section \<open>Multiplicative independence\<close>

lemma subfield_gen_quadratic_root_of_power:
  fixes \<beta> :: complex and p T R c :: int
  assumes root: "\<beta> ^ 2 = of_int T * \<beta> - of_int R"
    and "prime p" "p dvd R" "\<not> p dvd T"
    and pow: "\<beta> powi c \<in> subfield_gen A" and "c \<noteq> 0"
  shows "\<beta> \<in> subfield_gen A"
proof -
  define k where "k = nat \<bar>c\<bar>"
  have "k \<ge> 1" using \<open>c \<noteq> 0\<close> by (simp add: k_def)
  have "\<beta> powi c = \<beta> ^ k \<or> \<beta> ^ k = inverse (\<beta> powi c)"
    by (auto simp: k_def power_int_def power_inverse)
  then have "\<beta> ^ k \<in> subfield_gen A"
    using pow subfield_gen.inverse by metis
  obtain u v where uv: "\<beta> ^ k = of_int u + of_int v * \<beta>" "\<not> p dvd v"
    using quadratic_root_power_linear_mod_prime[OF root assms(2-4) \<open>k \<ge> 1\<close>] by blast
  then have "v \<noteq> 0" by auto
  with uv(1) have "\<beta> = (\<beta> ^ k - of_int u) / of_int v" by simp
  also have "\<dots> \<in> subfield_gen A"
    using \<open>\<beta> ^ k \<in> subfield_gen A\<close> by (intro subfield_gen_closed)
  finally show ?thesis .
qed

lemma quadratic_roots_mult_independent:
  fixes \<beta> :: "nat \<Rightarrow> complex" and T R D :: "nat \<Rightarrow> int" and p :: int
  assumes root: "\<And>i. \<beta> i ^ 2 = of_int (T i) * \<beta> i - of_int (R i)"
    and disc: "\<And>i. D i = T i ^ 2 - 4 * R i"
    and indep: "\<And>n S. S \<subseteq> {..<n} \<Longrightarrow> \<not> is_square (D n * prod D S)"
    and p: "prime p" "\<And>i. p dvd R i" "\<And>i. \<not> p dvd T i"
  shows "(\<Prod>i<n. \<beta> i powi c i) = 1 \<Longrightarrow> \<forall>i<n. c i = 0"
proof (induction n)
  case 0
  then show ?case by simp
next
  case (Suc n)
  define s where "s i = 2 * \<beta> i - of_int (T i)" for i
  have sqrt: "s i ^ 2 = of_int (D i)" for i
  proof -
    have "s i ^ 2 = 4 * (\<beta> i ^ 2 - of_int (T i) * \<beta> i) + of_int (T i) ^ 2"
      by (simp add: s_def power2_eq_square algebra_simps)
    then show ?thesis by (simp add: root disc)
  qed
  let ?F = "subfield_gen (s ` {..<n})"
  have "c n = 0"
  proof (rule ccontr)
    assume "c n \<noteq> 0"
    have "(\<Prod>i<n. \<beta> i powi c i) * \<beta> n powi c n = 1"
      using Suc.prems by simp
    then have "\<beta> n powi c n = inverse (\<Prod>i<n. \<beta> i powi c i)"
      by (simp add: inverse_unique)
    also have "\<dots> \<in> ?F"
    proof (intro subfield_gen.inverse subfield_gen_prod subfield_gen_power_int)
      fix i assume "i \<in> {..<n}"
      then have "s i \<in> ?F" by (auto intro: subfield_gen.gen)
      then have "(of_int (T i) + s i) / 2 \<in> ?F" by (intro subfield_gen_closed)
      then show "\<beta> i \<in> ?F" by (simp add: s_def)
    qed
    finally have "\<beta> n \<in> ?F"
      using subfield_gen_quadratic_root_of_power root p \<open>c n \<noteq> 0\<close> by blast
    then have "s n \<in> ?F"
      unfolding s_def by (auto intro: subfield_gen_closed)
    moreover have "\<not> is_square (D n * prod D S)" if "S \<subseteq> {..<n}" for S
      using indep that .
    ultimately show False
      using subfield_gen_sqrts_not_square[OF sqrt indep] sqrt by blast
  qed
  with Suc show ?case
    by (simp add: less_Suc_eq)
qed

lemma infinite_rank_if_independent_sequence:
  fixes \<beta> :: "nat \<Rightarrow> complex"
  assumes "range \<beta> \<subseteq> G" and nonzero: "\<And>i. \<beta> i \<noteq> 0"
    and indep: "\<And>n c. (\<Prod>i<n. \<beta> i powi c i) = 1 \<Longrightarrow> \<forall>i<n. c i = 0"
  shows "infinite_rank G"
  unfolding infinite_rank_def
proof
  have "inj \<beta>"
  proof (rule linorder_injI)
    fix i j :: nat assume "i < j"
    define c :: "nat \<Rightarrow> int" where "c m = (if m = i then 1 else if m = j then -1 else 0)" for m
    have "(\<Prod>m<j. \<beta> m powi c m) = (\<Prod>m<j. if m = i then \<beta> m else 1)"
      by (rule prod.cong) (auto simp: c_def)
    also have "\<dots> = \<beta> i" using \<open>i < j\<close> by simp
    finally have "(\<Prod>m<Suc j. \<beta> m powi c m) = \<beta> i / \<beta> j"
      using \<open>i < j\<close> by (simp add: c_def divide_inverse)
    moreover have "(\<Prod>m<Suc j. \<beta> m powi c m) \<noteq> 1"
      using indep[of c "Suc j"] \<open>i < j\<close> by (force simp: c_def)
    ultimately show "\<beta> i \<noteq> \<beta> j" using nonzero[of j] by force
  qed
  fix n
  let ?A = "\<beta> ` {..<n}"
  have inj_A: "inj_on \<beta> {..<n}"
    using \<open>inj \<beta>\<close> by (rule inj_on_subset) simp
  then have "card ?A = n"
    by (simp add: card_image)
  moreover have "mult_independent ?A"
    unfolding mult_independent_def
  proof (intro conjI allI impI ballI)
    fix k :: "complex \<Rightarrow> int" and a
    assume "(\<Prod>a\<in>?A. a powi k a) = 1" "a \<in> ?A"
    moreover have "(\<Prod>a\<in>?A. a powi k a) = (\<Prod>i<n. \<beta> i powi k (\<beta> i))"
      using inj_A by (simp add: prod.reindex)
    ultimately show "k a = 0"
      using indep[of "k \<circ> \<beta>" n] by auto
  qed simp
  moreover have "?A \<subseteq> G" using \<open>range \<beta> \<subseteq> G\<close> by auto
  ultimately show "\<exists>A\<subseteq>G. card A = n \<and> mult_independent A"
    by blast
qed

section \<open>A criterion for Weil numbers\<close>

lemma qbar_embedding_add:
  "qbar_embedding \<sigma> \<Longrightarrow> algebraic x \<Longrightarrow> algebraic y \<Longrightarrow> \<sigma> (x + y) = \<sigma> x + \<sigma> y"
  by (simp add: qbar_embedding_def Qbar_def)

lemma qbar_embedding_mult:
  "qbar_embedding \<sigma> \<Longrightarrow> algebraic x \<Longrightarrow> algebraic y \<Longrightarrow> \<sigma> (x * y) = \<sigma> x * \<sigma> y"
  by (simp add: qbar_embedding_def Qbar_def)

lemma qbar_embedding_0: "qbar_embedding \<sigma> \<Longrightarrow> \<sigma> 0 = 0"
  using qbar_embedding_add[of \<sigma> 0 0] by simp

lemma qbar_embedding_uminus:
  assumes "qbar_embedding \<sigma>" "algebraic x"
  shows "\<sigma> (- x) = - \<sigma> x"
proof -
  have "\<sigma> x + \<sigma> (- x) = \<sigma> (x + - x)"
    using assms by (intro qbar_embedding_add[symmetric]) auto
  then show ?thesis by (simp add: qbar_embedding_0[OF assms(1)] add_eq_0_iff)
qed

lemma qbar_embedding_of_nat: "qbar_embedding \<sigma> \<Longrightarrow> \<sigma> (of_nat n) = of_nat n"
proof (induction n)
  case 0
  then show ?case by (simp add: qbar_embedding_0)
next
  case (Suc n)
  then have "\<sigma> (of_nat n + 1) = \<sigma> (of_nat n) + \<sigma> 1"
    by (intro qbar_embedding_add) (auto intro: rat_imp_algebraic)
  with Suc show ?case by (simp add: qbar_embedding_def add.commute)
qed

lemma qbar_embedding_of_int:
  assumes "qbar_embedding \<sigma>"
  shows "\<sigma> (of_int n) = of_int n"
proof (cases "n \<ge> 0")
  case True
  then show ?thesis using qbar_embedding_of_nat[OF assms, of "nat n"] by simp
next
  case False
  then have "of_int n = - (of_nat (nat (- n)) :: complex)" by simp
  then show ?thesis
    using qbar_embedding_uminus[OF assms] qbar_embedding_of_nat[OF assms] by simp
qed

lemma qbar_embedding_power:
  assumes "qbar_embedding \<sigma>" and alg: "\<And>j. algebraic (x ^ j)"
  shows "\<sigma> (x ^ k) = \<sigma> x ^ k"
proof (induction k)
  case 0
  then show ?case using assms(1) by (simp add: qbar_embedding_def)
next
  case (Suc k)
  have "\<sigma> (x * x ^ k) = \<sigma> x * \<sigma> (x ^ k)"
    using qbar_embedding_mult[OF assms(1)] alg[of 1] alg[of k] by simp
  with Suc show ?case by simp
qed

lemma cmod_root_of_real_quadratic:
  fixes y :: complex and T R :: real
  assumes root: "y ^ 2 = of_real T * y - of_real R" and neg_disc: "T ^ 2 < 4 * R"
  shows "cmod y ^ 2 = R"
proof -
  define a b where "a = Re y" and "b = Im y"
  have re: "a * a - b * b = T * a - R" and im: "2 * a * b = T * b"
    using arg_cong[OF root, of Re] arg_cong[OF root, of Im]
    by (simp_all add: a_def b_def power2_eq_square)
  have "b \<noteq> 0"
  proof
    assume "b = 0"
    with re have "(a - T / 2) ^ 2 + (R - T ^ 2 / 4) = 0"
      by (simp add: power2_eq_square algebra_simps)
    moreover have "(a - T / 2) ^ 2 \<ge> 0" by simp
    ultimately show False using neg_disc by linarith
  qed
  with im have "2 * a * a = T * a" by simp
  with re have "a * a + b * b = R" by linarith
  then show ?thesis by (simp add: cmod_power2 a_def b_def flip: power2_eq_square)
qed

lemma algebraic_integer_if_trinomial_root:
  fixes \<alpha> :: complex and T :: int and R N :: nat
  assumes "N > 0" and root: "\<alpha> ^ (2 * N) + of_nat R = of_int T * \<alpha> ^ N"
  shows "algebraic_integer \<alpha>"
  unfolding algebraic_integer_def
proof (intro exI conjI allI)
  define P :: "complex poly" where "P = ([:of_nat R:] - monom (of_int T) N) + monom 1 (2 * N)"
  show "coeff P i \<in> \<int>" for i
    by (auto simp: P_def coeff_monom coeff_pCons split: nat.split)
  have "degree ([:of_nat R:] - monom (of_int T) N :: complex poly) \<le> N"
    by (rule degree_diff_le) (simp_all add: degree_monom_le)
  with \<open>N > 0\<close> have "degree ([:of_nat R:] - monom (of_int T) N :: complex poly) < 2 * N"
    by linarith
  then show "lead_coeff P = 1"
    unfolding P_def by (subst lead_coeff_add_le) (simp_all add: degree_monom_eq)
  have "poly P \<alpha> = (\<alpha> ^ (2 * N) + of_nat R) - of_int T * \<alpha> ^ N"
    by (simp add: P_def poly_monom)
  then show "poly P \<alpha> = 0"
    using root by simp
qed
= = = = =
Required work:
Only the lines from the start of the material through the line containing "define s where" should be repeated, and they should be repeated exactly.

Written answer:
section \<open>Multiplicative independence\<close>

lemma subfield_gen_quadratic_root_of_power:
  fixes \<beta> :: complex and p T R c :: int
  assumes root: "\<beta> ^ 2 = of_int T * \<beta> - of_int R"
    and "prime p" "p dvd R" "\<not> p dvd T"
    and pow: "\<beta> powi c \<in> subfield_gen A" and "c \<noteq> 0"
  shows "\<beta> \<in> subfield_gen A"
proof -
  define k where "k = nat \<bar>c\<bar>"
  have "k \<ge> 1" using \<open>c \<noteq> 0\<close> by (simp add: k_def)
  have "\<beta> powi c = \<beta> ^ k \<or> \<beta> ^ k = inverse (\<beta> powi c)"
    by (auto simp: k_def power_int_def power_inverse)
  then have "\<beta> ^ k \<in> subfield_gen A"
    using pow subfield_gen.inverse by metis
  obtain u v where uv: "\<beta> ^ k = of_int u + of_int v * \<beta>" "\<not> p dvd v"
    using quadratic_root_power_linear_mod_prime[OF root assms(2-4) \<open>k \<ge> 1\<close>] by blast
  then have "v \<noteq> 0" by auto
  with uv(1) have "\<beta> = (\<beta> ^ k - of_int u) / of_int v" by simp
  also have "\<dots> \<in> subfield_gen A"
    using \<open>\<beta> ^ k \<in> subfield_gen A\<close> by (intro subfield_gen_closed)
  finally show ?thesis .
qed

lemma quadratic_roots_mult_independent:
  fixes \<beta> :: "nat \<Rightarrow> complex" and T R D :: "nat \<Rightarrow> int" and p :: int
  assumes root: "\<And>i. \<beta> i ^ 2 = of_int (T i) * \<beta> i - of_int (R i)"
    and disc: "\<And>i. D i = T i ^ 2 - 4 * R i"
    and indep: "\<And>n S. S \<subseteq> {..<n} \<Longrightarrow> \<not> is_square (D n * prod D S)"
    and p: "prime p" "\<And>i. p dvd R i" "\<And>i. \<not> p dvd T i"
  shows "(\<Prod>i<n. \<beta> i powi c i) = 1 \<Longrightarrow> \<forall>i<n. c i = 0"
proof (induction n)
  case 0
  then show ?case by simp
next
  case (Suc n)
  define s where "s i = 2 * \<beta> i - of_int (T i)" for i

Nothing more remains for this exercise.